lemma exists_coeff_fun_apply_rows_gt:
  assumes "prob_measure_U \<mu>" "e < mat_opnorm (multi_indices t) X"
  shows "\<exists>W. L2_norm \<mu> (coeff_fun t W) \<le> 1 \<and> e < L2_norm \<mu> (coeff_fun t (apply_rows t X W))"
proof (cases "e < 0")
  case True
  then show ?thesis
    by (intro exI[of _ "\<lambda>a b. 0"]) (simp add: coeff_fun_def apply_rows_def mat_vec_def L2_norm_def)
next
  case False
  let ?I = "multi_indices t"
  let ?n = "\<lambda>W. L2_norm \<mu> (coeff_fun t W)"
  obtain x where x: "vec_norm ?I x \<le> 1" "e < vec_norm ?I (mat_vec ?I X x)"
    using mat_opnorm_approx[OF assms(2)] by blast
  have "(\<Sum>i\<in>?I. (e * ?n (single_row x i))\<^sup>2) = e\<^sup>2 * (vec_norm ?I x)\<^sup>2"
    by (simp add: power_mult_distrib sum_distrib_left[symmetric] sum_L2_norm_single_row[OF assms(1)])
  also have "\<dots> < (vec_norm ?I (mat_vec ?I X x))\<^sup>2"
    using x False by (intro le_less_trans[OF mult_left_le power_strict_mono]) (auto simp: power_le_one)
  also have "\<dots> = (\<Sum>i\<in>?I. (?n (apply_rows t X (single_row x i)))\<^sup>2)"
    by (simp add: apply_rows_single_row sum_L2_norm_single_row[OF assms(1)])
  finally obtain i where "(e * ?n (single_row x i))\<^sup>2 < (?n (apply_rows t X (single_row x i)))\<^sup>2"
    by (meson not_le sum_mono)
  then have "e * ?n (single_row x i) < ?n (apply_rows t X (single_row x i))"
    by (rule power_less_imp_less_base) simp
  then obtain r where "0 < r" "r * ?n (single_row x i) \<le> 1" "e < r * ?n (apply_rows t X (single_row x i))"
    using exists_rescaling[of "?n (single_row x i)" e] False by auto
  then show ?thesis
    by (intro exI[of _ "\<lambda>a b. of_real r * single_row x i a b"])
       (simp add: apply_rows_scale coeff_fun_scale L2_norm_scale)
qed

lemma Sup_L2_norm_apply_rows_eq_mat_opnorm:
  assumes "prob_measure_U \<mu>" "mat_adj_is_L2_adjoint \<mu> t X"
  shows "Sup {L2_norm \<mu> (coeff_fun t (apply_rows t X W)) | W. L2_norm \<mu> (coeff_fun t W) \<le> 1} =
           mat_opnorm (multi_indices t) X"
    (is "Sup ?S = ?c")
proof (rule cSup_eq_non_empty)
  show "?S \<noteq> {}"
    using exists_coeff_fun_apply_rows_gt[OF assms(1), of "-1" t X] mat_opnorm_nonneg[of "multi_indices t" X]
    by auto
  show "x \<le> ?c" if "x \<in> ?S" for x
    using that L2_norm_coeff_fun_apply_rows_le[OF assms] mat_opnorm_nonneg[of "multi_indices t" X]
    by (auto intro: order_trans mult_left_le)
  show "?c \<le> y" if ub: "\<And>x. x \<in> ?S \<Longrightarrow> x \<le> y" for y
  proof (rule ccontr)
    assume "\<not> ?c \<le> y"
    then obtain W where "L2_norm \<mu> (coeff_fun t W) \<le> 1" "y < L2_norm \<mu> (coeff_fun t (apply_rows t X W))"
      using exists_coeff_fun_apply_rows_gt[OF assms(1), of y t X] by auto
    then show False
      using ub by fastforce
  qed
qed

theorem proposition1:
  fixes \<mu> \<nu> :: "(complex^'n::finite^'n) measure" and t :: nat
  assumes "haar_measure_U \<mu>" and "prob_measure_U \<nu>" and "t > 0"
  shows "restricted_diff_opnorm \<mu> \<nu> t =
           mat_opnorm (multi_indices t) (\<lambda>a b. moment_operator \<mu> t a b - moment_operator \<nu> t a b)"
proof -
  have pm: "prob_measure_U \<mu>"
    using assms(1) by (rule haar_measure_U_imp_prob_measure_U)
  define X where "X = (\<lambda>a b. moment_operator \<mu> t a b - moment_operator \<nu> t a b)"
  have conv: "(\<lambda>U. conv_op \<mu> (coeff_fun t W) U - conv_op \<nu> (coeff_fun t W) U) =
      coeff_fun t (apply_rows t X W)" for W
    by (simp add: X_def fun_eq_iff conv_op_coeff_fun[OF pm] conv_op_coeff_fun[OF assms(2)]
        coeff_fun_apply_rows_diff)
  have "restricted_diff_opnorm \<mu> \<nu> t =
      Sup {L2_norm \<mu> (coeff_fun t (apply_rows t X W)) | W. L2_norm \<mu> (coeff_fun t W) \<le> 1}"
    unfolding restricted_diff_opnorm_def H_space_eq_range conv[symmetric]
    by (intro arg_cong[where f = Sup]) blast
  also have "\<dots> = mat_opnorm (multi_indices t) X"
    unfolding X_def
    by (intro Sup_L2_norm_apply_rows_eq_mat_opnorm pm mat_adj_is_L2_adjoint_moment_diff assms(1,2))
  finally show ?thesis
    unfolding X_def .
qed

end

◆ **About this task**
Could you reproduce all of the material above, exactly as it reads?

◆ **Output**
lemma exists_coeff_fun_apply_rows_gt:
  assumes "prob_measure_U \<mu>" "e < mat_opnorm (multi_indices t) X"
  shows "\<exists>W. L2_norm \<mu> (coeff_fun t W) \<le> 1 \<and> e < L2_norm \<mu> (coeff_fun t (apply_rows t X W))"
proof (cases "e < 0")
  case True
  then show ?thesis
    by (intro exI[of _ "\<lambda>a b. 0"]) (simp add: coeff_fun_def apply_rows_def mat_vec_def L2_norm_def)
next
  case False
  let ?I = "multi_indices t"
  let ?n = "\<lambda>W. L2_norm \<mu> (coeff_fun t W)"
  obtain x where x: "vec_norm ?I x \<le> 1" "e < vec_norm ?I (mat_vec ?I X x)"
    using mat_opnorm_approx[OF assms(2)] by blast
  have "(\<Sum>i\<in>?I. (e * ?n (single_row x i))\<^sup>2) = e\<^sup>2 * (vec_norm ?I x)\<^sup>2"
    by (simp add: power_mult_distrib sum_distrib_left[symmetric] sum_L2_norm_single_row[OF assms(1)])
  also have "\<dots> < (vec_norm ?I (mat_vec ?I X x))\<^sup>2"
    using x False by (intro le_less_trans[OF mult_left_le power_strict_mono]) (auto simp: power_le_one)
  also have "\<dots> = (\<Sum>i\<in>?I. (?n (apply_rows t X (single_row x i)))\<^sup>2)"
    by (simp add: apply_rows_single_row sum_L2_norm_single_row[OF assms(1)])
  finally obtain i where "(e * ?n (single_row x i))\<^sup>2 < (?n (apply_rows t X (single_row x i)))\<^sup>2"
    by (meson not_le sum_mono)
  then have "e * ?n (single_row x i) < ?n (apply_rows t X (single_row x i))"
    by (rule power_less_imp_less_base) simp
  then obtain r where "0 < r" "r * ?n (single_row x i) \<le> 1" "e < r * ?n (apply_rows t X (single_row x i))"
    using exists_rescaling[of "?n (single_row x i)" e] False by auto
  then show ?thesis
    by (intro exI[of _ "\<lambda>a b. of_real r * single_row x i a b"])
       (simp add: apply_rows_scale coeff_fun_scale L2_norm_scale)
qed

lemma Sup_L2_norm_apply_rows_eq_mat_opnorm:
  assumes "prob_measure_U \<mu>" "mat_adj_is_L2_adjoint \<mu> t X"
  shows "Sup {L2_norm \<mu> (coeff_fun t (apply_rows t X W)) | W. L2_norm \<mu> (coeff_fun t W) \<le> 1} =
           mat_opnorm (multi_indices t) X"
    (is "Sup ?S = ?c")
proof (rule cSup_eq_non_empty)
  show "?S \<noteq> {}"
    using exists_coeff_fun_apply_rows_gt[OF assms(1), of "-1" t X] mat_opnorm_nonneg[of "multi_indices t" X]
    by auto
  show "x \<le> ?c" if "x \<in> ?S" for x
    using that L2_norm_coeff_fun_apply_rows_le[OF assms] mat_opnorm_nonneg[of "multi_indices t" X]
    by (auto intro: order_trans mult_left_le)
  show "?c \<le> y" if ub: "\<And>x. x \<in> ?S \<Longrightarrow> x \<le> y" for y
  proof (rule ccontr)
    assume "\<not> ?c \<le> y"
    then obtain W where "L2_norm \<mu> (coeff_fun t W) \<le> 1" "y < L2_norm \<mu> (coeff_fun t (apply_rows t X W))"
      using exists_coeff_fun_apply_rows_gt[OF assms(1), of y t X] by auto
    then show False
      using ub by fastforce
  qed
qed

theorem proposition1:
  fixes \<mu> \<nu> :: "(complex^'n::finite^'n) measure" and t :: nat
  assumes "haar_measure_U \<mu>" and "prob_measure_U \<nu>" and "t > 0"
  shows "restricted_diff_opnorm \<mu> \<nu> t =
           mat_opnorm (multi_indices t) (\<lambda>a b. moment_operator \<mu> t a b - moment_operator \<nu> t a b)"
proof -
  have pm: "prob_measure_U \<mu>"
    using assms(1) by (rule haar_measure_U_imp_prob_measure_U)
  define X where "X = (\<lambda>a b. moment_operator \<mu> t a b - moment_operator \<nu> t a b)"
  have conv: "(\<lambda>U. conv_op \<mu> (coeff_fun t W) U - conv_op \<nu> (coeff_fun t W) U) =
      coeff_fun t (apply_rows t X W)" for W
    by (simp add: X_def fun_eq_iff conv_op_coeff_fun[OF pm] conv_op_coeff_fun[OF assms(2)]
        coeff_fun_apply_rows_diff)
  have "restricted_diff_opnorm \<mu> \<nu> t =
      Sup {L2_norm \<mu> (coeff_fun t (apply_rows t X W)) | W. L2_norm \<mu> (coeff_fun t W) \<le> 1}"
    unfolding restricted_diff_opnorm_def H_space_eq_range conv[symmetric]
    by (intro arg_cong[where f = Sup]) blast
  also have "\<dots> = mat_opnorm (multi_indices t) X"
    unfolding X_def
    by (intro Sup_L2_norm_apply_rows_eq_mat_opnorm pm mat_adj_is_L2_adjoint_moment_diff assms(1,2))
  finally show ?thesis
    unfolding X_def .
qed

end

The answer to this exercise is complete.